Advent Reconciliation Vespers by Abbot Stan
20th December 2017
Colossians 1: 9 – 14 Matthew 9: 2 – 8
What is it that separates Jesus from every other great leader, whether religious or secular? We might be able to answer this in several different ways, but I think the crucial difference is in what Jesus can do that no other leader can: he can forgive. Forgive to the core of our sin. Forgive so that the sin is truly blotted out, disappeared, gone forever. That is what led the crowd in today’s Gospel to be filled with awe and to glorify God “who had given such authority to human beings.”
Forgiveness. Forgiveness. Forgiveness. Jesus comes to bring us the forgiveness of God. That is the deepest core of his message. That is the deepest core of his action on us. Jesus forgives.
Isn’t that why we are here in this monastery, whether as full members of the monastic community or as guests or retreatants? To receive the gift of God. To receive the forgiveness of God.
But we have to remind ourselves of this over and over again. We forget it so easily. Our repeated sins, our poor self-image, the abuse we have suffered from others — all of these act to bring us down. To doubt whether there can be a renewed forgiveness. In our own day the Lord has raised up someone whose constant theme seems to be the reality of Jesus‘ forgiveness — with no strings attached. Our Holy Father Francis has proclaimed this throughout his priestly ministry. And since being elected Pope, he has continued to make it the cornerstone of his teaching.
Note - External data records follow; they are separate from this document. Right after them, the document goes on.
(* For any distribution $D$ on $\mathcal X\times\{-1,1\}$, any self-complemented set $\mathcal H$ of voters $\mathcal X\to[-1,1]$, any prior $P$ on $\mathcal H$, any convex function $\mathcal D:[0,1]\times[0,1]\to\mathbb R$ with $\mathcal D(q,p)=\mathcal D(1-q,1-p)$ for all $q,p$, any $m'>0$ and any $\delta\in(0,1]$, with probability at least $1-\delta$ over $S\sim D^m$, for all posteriors $Q$ aligned on $P$, $$\mathcal D\big(R_S(G_Q),R_D(G_Q)\big)\ \le\ \frac1{m'}\ln\Big(\frac1\delta\,\mathbb E_{S\sim D^m}\mathbb E_{f\sim P}e^{m'\mathcal D(\mathcal L_{\ell,S}(f),\mathcal L_{\ell,D}(f))}\Big).$$
   Context: $\mathcal L_\ell(a,y)=\tfrac12(1-ya)$; $\mathcal L_{\ell,D'}(f)=\mathbb E_{(x,y)\sim D'}\mathcal L_\ell(f(x),y)$ and $R_{D'}(G_Q)=\mathbb E_{f\sim Q}\mathcal L_{\ell,D'}(f)$, for $D'=D$ or $D'=S$ (uniform on the sample). $\mathcal H$ is self-complemented if there is a bijection $c:\mathcal H\to\mathcal H$ with $c(f)=-f$ for all $f$. A distribution $Q$ on $\mathcal H$ is aligned on $P$ if $Q(f)+Q(c(f))=P(f)+P(c(f))$ for all $f\in\mathcal H$ (where $Q(f),P(f)$ are probability masses, or densities with respect to a common reference measure invariant under $c$). $P$ is independent of $S$. *)

theory Defs
  imports "HOL-Probability.Probability"
begin

definition lin_loss :: "real \<Rightarrow> real \<Rightarrow> real" where
  "lin_loss a y = (1 - y * a) / 2"

definition true_risk :: "('x \<times> real) measure \<Rightarrow> ('x \<Rightarrow> real) \<Rightarrow> real" where
  "true_risk D' f = (\<integral>z. lin_loss (f (fst z)) (snd z) \<partial>D')"

definition emp_risk :: "nat \<Rightarrow> (nat \<Rightarrow> 'x \<times> real) \<Rightarrow> ('x \<Rightarrow> real) \<Rightarrow> real" where
  "emp_risk m S f = (\<Sum>i<m. lin_loss (f (fst (S i))) (snd (S i))) / real m"

text \<open>Risk of the Gibbs classifier G_Q, given a per-voter risk functional L.\<close>
definition gibbs_risk :: "('x \<Rightarrow> real) measure \<Rightarrow> (('x \<Rightarrow> real) \<Rightarrow> real) \<Rightarrow> real" where
  "gibbs_risk Q L = (\<integral>f. L f \<partial>Q)"

text \<open>Q (density q) is aligned on P (density p) w.r.t. the complement c f = - f.\<close>
definition aligned :: "('x \<Rightarrow> real) set \<Rightarrow> (('x \<Rightarrow> real) \<Rightarrow> real) \<Rightarrow> (('x \<Rightarrow> real) \<Rightarrow> real) \<Rightarrow> bool" where
  "aligned H q p \<longleftrightarrow> (\<forall>f\<in>H. q f + q (\<lambda>x. - f x) = p f + p (\<lambda>x. - f x))"

end

theory Submission
  imports Defs
begin

text \<open>For a fixed sample, both Gibbs risks are \<open>Q\<close>-averages of per-voter risks with values
  in \<open>[0,1]\<close>. Jensen's inequality for the convex \<open>\<D>\<close>, combined with the convexity and
  monotonicity of \<open>exp\<close>, bounds \<open>exp (m' \<D>(R\<^sub>S(G\<^sub>Q), R\<^sub>D(G\<^sub>Q)))\<close> by the \<open>Q\<close>-average of
  \<open>exp (m' \<D>(L\<^sub>S f, L\<^sub>D f))\<close>. Negating a voter turns both of its risks \<open>r\<close> into \<open>1 - r\<close>, so by
  the symmetry of \<open>\<D>\<close> this integrand is invariant under \<open>f \<mapsto> -f\<close>; an aligned \<open>Q\<close> therefore
  gives it the same average as the prior \<open>P\<close>, which no longer depends on \<open>Q\<close>. Markov's
  inequality for this \<open>P\<close>-average, as a function of the sample, gives the bound uniformly
  in \<open>Q\<close>.\<close>

lemma convex_strict_epigraph:
  assumes cvx: "convex_on S f"
  shows "convex {(y, t). y \<in> S \<and> f y < t}"
proof (intro convexI, clarsimp, intro conjI)
  fix y1 t1 y2 t2 and u v :: real
  assume y: "y1 \<in> S" "f y1 < t1" "y2 \<in> S" "f y2 < t2" and uv: "0 \<le> u" "0 \<le> v" "u + v = 1"
  show "u *\<^sub>R y1 + v *\<^sub>R y2 \<in> S" using cvx y uv by (simp add: convex_on_def convex_def)
  have "f (u *\<^sub>R y1 + v *\<^sub>R y2) \<le> u * f y1 + v * f y2" using cvx y uv by (simp add: convex_on_def)
  also have "\<dots> < u * t1 + v * t2"
  proof (cases "u = 0")
    case False
    then show ?thesis using uv y mult_strict_left_mono[of "f y1" t1 u] mult_left_mono[of "f y2" t2 v]
      by linarith
  qed (use uv y in simp)
  finally show "f (u *\<^sub>R y1 + v *\<^sub>R y2) < u * t1 + v * t2" .
qed

lemma inner_nonneg_on_ball_imp_eq_0:
  fixes g x :: "'a::real_inner"
  assumes "0 < e" and nonneg: "\<forall>y\<in>ball x e. 0 \<le> g \<bullet> (y - x)"
  shows "g = 0"
proof (rule ccontr)
  assume "g \<noteq> 0"
  define y where "y = x - (e / 2 / norm g) *\<^sub>R g"
  have "y \<in> ball x e" using \<open>0 < e\<close> \<open>g \<noteq> 0\<close> by (simp add: y_def dist_norm)
  moreover have "g \<bullet> (y - x) = - (e / 2) * norm g"
    using \<open>g \<noteq> 0\<close> by (simp add: y_def power2_norm_eq_inner[symmetric] power2_eq_square)
  ultimately have "0 \<le> - (e / 2) * norm g" using nonneg by metis
  moreover have "0 < e / 2 * norm g" using \<open>0 < e\<close> \<open>g \<noteq> 0\<close> by simp
  ultimately show False by linarith
qed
I believe this comes from his own early and deep experience of God’s mercy through the grace of the sacrament of reconciliation. He was only 17 or 18 at the time and it was the feast of the apostle Matthew. Reflecting on this experience later in his life, he read about the call of Matthew and the commentary of Saint Bede on this call. Matthew’s experience rang true as a description of his own call. So, he took the key words of Bede for his own coat of arms as a bishop. Miserando atque eligendo. He, Jorge Bergoglio, was one on whom the Lord had shown mercy, and having shown mercy Jesus then called him to follow.
That is why I have chosen four texts of Pope Francis as the texts for our examination of conscience. They all focus on the mercy and forgiveness of God. They are meant to remind us of this great difference in the teaching of Jesus, the core he alone can bring to us and why he is our Savior and our all.
Each of us knows very well that forgiveness is not a one-way street. That to receive the forgiveness of God cannot stop with ourselves. That if we receive this gift of God we have to pass it on to others. In previous Vespers of Reconciliation, we have made this the focus of our reflections. Today, let us concentrate on Jesus’ forgiveness of each one of us. His willingness to offer that forgiveness over and over and over again.
God desires only the life of each one of us, that we live fully and from the deepest heart of our being. Let us pray for such life not just for ourselves but for each other as well. Then we can say a full-throated “Amen” to the Absolution I will pronounce in the name of God, in the name of Jesus, in the name of the Holy Spirit through the ministry of the Church.